Stored data
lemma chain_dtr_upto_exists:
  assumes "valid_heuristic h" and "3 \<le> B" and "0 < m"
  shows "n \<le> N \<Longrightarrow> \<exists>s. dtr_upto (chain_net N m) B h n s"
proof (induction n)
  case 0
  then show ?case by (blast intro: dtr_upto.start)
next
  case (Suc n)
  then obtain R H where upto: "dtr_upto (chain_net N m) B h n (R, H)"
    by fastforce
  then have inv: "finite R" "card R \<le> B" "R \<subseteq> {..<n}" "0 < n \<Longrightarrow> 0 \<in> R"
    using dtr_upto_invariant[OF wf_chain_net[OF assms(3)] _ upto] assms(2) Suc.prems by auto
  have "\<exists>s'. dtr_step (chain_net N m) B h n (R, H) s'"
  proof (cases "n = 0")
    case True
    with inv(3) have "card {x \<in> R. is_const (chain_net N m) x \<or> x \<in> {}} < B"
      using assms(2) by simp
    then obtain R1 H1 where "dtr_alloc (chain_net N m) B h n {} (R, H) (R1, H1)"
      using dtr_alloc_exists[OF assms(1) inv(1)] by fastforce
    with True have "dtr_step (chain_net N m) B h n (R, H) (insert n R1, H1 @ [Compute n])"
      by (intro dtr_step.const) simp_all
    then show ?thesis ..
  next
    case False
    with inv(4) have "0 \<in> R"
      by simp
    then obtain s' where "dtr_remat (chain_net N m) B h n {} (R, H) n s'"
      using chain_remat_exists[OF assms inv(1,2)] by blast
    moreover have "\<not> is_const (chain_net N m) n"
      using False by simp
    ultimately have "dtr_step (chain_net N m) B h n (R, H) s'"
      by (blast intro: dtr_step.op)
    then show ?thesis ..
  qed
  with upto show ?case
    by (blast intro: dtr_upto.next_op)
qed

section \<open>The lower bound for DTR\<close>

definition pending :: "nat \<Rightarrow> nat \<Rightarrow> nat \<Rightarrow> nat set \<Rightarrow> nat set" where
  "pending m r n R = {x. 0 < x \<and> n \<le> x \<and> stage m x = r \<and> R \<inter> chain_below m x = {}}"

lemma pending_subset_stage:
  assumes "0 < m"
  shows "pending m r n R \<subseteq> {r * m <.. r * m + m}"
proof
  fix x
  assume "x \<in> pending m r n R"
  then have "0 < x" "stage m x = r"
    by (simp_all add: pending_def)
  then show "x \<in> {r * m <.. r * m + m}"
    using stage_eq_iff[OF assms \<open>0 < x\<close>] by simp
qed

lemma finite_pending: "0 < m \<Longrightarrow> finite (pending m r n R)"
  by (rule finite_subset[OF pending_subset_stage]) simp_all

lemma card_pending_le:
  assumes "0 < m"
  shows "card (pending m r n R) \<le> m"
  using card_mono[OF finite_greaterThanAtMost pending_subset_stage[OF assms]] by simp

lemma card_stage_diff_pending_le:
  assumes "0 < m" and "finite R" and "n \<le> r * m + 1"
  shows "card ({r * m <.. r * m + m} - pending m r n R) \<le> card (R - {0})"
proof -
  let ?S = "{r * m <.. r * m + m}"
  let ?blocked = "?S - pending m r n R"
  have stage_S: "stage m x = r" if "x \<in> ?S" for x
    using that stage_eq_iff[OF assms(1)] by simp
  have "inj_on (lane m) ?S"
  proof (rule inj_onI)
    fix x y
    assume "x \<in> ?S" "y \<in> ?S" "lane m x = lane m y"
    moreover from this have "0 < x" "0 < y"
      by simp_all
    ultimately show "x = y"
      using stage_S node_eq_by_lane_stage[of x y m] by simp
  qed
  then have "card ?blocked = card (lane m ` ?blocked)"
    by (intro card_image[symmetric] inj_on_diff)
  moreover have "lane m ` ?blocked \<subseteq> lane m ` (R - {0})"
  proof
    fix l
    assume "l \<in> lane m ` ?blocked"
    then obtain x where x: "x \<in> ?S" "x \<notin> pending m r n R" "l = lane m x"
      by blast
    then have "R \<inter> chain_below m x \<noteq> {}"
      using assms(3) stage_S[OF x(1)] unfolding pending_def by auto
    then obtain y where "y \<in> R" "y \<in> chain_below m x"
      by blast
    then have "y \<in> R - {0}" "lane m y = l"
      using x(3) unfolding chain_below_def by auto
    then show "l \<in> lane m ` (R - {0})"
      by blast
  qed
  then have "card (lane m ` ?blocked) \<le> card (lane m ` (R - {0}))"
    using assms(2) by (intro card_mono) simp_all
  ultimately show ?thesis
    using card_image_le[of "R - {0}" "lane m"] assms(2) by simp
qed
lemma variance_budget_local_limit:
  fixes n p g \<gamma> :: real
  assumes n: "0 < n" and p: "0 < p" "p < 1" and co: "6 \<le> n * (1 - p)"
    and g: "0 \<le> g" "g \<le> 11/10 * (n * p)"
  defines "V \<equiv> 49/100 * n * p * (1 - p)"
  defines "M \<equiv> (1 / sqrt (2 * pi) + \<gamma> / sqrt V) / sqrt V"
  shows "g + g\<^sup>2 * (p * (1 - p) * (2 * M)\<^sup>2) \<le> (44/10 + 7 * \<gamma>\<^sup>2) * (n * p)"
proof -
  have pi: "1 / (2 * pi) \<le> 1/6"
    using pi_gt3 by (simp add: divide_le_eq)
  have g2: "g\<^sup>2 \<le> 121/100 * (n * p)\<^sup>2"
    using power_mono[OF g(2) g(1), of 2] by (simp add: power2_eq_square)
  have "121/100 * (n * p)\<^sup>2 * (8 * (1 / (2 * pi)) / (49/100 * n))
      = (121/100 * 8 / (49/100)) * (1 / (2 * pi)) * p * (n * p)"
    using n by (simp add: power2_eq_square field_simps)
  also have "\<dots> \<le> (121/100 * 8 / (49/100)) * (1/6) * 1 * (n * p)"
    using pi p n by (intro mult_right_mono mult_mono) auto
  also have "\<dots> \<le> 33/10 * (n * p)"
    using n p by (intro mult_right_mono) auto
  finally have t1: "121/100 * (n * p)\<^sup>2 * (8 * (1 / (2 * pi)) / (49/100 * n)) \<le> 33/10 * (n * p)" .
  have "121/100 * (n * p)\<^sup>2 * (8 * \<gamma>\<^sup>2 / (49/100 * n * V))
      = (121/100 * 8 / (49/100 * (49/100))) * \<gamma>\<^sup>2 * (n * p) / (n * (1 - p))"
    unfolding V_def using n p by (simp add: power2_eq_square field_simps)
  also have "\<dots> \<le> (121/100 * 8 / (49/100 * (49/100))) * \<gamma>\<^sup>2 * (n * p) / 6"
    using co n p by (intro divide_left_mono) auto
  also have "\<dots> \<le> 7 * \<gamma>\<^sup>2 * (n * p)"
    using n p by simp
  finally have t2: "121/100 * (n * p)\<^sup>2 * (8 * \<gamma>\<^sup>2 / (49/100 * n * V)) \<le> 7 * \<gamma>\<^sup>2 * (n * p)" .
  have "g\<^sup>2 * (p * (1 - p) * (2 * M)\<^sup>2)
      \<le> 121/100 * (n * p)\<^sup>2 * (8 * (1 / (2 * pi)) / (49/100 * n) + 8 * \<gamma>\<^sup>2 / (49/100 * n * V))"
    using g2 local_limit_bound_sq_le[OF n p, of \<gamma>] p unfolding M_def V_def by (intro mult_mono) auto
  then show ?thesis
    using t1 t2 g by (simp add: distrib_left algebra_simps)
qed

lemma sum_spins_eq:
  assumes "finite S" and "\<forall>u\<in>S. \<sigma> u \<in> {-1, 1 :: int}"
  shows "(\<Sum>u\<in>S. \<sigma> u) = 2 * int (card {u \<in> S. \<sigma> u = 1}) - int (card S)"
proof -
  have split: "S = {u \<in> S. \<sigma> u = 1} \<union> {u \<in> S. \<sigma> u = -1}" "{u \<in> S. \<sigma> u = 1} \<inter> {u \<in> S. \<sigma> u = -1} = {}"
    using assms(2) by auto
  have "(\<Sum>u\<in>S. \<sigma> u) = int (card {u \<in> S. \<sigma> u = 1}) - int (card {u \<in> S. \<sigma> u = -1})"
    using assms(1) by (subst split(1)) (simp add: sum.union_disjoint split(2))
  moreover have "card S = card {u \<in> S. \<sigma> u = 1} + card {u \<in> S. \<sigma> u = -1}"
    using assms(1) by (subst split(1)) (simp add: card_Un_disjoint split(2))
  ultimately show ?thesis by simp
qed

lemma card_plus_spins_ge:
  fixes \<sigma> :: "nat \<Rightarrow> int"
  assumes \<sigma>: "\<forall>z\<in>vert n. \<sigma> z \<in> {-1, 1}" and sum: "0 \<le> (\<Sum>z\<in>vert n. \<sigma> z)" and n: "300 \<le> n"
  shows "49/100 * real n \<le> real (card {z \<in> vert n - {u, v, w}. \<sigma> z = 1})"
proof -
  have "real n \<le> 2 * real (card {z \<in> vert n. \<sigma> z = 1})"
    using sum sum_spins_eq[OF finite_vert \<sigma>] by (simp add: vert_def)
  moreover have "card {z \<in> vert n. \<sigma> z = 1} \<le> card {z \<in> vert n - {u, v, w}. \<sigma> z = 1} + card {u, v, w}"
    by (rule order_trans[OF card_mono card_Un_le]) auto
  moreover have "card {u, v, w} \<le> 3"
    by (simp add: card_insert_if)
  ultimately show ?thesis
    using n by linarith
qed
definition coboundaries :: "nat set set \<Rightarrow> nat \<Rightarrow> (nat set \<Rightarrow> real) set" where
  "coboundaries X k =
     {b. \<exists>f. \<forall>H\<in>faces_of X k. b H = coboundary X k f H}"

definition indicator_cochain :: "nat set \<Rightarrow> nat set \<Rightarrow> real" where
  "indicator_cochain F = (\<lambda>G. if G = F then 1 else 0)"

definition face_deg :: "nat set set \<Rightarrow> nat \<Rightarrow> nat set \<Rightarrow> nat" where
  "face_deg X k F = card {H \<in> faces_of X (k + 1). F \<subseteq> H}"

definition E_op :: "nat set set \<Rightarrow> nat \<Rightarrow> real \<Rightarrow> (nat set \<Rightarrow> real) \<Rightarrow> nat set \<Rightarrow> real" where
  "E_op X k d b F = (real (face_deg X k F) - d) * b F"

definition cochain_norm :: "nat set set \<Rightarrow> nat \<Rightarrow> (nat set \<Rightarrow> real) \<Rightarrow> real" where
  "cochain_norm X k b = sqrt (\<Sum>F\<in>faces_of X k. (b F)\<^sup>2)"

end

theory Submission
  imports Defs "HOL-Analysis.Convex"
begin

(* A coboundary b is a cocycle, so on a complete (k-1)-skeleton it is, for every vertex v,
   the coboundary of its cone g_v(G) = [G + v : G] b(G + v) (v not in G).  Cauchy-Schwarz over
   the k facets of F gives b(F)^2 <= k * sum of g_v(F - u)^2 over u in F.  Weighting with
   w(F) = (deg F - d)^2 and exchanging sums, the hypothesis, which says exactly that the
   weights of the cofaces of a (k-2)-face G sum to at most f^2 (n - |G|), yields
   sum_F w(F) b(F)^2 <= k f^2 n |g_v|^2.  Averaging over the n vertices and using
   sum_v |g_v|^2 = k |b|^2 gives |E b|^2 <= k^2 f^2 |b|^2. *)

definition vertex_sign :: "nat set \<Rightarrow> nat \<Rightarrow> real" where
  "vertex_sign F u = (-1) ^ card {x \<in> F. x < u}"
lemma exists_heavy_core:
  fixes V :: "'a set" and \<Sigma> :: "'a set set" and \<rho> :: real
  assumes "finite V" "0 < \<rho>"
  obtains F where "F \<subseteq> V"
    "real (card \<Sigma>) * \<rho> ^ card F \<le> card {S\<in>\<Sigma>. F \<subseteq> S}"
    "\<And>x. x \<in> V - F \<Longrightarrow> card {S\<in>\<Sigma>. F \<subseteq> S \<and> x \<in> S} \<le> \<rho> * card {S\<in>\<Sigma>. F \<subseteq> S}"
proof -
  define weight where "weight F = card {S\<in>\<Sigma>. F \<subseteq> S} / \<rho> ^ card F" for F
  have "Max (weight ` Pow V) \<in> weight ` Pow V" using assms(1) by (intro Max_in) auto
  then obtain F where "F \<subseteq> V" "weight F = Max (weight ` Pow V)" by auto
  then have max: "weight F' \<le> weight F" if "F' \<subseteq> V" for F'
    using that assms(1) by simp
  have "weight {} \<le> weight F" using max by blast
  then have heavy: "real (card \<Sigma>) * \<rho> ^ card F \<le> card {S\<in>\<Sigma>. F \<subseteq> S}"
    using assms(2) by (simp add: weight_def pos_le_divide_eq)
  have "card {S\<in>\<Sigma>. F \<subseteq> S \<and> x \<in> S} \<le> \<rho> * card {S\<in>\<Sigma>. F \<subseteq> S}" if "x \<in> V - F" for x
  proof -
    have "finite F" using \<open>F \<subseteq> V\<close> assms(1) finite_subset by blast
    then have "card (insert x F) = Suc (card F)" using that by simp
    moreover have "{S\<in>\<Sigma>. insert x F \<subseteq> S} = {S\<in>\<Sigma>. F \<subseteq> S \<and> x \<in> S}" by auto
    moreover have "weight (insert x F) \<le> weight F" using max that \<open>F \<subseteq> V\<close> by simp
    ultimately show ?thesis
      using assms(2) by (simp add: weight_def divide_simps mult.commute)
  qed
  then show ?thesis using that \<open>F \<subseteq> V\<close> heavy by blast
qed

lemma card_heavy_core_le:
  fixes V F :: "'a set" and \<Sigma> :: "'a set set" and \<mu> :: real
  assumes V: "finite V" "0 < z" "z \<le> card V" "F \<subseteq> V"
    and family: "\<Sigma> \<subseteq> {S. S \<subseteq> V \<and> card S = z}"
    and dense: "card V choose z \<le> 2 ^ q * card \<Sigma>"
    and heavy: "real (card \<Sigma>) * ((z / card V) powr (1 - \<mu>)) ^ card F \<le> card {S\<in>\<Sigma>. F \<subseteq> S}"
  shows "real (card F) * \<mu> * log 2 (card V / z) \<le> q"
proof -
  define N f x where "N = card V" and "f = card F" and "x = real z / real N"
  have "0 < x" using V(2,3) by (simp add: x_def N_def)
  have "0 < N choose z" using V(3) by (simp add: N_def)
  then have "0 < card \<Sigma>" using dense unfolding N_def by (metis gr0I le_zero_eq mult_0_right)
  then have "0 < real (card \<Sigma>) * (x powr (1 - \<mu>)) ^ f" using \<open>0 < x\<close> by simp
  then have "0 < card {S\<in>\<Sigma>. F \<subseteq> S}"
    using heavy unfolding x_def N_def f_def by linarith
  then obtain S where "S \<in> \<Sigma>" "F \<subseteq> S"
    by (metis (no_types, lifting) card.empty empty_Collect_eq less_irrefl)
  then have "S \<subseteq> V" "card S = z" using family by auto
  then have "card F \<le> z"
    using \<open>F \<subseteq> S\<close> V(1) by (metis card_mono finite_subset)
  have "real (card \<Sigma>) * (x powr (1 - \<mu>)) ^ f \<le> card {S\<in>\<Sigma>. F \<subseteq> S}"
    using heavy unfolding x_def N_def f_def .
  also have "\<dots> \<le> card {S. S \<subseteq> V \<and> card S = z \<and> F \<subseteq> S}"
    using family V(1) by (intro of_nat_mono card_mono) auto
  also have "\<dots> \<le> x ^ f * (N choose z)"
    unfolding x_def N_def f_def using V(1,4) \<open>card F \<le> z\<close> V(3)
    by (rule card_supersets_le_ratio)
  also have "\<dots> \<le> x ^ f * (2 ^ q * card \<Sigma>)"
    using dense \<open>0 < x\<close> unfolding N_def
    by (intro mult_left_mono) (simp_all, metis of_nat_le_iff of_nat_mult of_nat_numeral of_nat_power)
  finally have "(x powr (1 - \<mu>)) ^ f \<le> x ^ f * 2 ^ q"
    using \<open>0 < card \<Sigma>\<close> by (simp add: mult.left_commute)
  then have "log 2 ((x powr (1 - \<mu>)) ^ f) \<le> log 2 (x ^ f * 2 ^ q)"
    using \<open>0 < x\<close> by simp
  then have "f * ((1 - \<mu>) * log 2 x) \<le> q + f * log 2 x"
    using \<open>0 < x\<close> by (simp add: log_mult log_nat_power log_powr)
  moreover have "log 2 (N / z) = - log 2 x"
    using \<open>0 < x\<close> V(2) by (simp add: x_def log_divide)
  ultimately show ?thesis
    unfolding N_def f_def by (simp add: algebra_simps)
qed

* WHAT IS NEEDED: In the records above, find each line that holds the word "ultimately"; copy all such lines.

* ANSWER AREA:
    ultimately have "dtr_step (chain_net N m) B h n (R, H) s'"
    ultimately show "x = y"
  ultimately show ?thesis
  ultimately show ?thesis by simp
  ultimately show ?thesis
    ultimately show ?thesis
  ultimately show ?thesis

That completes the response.